**YOUR TASK:** Your answer should consist only of the lines below from the one with "id (gV (moveR" through the one with "by (auto simp: ecard_edges_between_moveR", copied exactly.
-=-=-
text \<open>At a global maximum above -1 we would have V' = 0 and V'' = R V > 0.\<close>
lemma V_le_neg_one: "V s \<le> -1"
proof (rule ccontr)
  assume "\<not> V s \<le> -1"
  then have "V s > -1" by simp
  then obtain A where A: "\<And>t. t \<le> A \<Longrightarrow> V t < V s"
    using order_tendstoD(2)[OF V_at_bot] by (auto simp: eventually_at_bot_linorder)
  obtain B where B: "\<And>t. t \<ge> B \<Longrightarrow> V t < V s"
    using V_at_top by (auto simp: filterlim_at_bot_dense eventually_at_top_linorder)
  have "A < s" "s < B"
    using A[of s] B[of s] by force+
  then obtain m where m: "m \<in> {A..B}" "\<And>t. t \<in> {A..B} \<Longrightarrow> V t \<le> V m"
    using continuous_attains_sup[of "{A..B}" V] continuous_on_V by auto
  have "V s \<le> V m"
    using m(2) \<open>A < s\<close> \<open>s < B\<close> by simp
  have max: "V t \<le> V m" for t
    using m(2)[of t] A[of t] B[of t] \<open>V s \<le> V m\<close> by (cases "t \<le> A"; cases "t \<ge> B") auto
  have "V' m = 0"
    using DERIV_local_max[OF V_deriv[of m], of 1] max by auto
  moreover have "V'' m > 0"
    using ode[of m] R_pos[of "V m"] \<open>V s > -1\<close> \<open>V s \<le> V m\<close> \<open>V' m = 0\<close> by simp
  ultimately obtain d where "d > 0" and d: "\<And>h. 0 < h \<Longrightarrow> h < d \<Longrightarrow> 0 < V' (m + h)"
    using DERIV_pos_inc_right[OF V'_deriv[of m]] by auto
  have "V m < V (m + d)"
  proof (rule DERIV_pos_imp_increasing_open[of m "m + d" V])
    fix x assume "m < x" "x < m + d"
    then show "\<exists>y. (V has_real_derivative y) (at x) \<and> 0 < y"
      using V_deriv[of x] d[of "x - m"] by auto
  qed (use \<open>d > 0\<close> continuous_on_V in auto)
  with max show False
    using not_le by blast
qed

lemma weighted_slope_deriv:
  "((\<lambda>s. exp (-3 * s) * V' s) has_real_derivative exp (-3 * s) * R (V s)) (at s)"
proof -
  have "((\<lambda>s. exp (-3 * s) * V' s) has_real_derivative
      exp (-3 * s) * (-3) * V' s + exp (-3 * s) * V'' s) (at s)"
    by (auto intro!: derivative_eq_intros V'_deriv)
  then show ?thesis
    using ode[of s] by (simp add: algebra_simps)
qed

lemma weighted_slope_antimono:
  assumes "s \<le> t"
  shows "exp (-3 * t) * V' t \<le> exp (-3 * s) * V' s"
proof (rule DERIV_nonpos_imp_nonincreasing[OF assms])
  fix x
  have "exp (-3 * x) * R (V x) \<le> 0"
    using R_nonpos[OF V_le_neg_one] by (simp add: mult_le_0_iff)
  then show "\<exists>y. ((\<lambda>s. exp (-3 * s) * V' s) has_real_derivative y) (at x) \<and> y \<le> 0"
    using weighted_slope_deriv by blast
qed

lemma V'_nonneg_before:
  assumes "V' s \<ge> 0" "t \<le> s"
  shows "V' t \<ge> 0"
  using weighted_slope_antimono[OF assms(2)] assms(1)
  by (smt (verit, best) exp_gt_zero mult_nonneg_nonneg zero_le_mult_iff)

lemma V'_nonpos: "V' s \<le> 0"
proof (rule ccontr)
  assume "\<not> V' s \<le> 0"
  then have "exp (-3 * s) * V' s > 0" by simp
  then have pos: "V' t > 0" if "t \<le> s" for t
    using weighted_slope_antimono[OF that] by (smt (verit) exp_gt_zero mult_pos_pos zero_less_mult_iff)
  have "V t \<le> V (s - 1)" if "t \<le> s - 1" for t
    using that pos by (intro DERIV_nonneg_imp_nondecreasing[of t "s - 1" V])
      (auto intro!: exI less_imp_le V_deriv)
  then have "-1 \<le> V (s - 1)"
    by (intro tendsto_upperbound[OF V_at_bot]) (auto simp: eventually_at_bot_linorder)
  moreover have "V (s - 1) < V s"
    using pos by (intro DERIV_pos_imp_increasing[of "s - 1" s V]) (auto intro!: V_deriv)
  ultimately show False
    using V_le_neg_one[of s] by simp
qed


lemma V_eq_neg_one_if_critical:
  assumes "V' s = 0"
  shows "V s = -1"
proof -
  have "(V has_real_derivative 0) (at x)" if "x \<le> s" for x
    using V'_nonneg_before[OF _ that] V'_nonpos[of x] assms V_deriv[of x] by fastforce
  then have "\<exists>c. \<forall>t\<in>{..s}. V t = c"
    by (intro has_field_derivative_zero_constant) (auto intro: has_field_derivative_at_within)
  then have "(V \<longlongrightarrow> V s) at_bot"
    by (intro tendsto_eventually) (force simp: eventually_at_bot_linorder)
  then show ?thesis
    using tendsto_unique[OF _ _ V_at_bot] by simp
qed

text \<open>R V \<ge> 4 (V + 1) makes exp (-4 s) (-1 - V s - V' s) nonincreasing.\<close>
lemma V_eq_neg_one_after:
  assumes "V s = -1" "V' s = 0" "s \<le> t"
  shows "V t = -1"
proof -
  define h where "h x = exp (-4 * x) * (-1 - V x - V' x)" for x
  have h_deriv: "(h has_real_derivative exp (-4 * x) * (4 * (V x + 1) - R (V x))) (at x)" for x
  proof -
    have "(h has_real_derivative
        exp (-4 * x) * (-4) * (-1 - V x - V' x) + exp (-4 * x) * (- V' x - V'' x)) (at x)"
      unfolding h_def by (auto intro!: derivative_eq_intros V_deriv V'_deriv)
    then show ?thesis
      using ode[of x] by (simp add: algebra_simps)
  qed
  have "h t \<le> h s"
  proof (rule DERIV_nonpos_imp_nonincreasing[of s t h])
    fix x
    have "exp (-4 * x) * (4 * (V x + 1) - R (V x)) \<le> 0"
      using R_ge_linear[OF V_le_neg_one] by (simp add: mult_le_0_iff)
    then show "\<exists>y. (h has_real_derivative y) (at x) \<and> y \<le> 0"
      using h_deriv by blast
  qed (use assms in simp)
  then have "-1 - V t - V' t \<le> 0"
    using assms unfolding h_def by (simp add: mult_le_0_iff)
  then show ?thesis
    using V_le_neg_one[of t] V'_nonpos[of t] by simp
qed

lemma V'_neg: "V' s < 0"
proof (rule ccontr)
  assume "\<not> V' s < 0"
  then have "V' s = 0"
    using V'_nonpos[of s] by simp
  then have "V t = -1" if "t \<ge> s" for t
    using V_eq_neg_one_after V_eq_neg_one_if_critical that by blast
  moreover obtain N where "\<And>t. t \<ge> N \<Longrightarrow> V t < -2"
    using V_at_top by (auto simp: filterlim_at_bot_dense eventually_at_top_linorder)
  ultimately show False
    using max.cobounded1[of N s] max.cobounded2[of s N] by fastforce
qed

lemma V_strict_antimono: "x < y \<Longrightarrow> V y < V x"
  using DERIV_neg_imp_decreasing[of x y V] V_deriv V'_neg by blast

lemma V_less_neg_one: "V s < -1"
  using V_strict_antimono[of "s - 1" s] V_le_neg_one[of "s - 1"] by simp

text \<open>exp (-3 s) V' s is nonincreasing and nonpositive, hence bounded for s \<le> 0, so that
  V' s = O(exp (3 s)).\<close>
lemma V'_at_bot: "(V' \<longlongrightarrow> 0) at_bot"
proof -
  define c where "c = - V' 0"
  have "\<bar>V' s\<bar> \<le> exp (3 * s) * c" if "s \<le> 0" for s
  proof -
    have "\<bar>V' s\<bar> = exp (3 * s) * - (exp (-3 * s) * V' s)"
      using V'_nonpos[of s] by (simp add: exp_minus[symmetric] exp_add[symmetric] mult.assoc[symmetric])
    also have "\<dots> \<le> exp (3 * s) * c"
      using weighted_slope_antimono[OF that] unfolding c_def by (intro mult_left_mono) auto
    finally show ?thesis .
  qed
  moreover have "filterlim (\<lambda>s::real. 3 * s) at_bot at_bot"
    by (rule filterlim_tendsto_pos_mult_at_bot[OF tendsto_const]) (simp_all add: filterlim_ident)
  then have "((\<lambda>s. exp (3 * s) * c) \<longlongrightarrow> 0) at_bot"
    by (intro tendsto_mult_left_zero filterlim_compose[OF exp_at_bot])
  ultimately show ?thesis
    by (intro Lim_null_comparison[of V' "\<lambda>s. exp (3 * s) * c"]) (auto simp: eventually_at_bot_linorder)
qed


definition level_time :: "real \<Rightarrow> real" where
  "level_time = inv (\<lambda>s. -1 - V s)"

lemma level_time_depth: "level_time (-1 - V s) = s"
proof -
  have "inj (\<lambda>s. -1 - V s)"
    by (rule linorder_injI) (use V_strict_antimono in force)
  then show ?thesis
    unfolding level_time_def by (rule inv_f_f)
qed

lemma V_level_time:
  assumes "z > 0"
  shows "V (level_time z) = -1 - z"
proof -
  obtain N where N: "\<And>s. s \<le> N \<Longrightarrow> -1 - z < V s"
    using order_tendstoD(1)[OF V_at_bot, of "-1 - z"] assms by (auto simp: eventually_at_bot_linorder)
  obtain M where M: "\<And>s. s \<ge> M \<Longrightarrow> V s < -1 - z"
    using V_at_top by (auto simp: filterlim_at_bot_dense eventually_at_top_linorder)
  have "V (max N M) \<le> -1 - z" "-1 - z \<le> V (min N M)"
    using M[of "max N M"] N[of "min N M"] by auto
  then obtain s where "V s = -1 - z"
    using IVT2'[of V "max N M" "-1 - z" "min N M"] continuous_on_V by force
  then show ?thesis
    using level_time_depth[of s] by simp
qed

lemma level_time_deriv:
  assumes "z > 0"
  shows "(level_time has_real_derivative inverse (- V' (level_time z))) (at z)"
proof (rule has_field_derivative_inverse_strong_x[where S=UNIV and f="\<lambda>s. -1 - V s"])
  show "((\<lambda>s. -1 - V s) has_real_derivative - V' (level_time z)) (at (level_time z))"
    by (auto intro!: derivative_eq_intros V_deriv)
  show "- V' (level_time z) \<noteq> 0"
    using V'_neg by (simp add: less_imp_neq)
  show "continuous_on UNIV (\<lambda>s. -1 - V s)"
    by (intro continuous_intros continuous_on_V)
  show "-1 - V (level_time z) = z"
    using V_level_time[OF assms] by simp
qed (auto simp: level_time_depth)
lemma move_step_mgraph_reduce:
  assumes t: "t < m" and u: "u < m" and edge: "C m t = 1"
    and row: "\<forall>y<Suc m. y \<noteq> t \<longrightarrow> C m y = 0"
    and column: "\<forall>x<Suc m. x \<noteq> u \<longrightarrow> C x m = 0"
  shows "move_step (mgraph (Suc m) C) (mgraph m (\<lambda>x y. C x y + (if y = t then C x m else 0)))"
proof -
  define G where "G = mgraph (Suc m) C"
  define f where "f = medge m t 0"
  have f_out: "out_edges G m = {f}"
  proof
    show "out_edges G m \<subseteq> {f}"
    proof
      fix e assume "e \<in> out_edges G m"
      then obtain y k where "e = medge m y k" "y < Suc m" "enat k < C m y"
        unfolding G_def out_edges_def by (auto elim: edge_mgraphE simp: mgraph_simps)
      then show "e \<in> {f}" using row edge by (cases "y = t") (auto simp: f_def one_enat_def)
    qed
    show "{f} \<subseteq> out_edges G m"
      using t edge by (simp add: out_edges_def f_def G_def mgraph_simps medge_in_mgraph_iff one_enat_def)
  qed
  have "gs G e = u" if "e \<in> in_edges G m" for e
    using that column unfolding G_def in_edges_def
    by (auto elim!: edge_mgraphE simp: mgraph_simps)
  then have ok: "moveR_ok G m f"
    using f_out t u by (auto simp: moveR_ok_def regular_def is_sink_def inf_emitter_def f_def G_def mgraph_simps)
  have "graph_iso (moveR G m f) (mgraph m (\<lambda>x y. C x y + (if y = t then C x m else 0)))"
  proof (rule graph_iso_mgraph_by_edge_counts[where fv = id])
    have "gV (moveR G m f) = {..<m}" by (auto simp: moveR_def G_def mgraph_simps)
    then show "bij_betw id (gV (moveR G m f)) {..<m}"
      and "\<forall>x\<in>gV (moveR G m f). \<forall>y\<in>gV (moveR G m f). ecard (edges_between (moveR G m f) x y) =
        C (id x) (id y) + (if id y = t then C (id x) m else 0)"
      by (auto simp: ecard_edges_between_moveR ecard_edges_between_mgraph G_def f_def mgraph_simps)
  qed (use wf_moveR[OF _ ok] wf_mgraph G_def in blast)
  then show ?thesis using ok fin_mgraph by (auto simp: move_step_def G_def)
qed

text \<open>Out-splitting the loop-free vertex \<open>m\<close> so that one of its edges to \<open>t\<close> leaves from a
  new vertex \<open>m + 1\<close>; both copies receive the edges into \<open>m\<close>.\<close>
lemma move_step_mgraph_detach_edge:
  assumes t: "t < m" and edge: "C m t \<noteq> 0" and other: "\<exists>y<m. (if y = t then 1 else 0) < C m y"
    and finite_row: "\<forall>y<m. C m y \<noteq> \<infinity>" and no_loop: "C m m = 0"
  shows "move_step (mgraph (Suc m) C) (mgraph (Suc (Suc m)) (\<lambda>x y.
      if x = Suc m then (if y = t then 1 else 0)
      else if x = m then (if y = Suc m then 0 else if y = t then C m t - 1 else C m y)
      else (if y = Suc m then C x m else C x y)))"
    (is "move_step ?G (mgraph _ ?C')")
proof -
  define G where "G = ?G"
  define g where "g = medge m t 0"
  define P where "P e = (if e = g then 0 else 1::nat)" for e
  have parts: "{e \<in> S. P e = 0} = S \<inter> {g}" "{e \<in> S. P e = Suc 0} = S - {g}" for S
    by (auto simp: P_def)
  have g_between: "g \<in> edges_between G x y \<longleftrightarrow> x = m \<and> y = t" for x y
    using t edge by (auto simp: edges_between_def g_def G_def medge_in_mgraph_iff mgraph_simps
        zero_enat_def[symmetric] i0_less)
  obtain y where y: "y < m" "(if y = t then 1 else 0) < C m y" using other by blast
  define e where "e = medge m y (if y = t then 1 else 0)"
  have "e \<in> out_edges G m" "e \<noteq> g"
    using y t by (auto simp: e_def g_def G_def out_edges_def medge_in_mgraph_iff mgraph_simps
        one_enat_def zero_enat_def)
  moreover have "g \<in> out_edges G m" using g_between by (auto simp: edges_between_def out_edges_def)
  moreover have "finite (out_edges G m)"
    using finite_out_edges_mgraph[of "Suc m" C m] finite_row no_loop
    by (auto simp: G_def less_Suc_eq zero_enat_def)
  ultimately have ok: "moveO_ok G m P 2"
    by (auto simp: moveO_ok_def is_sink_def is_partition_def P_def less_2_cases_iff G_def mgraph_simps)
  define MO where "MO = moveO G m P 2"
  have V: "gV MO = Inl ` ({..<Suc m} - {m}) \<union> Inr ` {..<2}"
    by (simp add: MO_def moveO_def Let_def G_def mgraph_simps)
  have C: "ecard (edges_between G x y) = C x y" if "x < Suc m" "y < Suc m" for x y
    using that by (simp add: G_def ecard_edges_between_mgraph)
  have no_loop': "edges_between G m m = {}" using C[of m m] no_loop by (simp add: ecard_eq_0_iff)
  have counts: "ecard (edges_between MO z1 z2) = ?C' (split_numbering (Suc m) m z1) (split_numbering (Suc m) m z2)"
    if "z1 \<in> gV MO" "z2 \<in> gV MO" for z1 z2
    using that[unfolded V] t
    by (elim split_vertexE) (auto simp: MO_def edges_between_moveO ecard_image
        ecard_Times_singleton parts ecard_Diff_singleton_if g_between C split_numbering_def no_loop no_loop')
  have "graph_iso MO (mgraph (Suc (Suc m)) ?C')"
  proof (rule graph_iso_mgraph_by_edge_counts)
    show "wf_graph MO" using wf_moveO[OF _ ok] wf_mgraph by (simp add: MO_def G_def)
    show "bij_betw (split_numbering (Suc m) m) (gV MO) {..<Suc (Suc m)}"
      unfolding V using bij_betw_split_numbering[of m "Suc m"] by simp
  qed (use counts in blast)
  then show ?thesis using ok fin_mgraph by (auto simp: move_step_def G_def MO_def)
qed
-=-=-
**OUTPUT:**
    then show "bij_betw id (gV (moveR G m f)) {..<m}"
      and "\<forall>x\<in>gV (moveR G m f). \<forall>y\<in>gV (moveR G m f). ecard (edges_between (moveR G m f) x y) =
        C (id x) (id y) + (if id y = t then C (id x) m else 0)"
      by (auto simp: ecard_edges_between_moveR ecard_edges_between_mgraph G_def f_def mgraph_simps)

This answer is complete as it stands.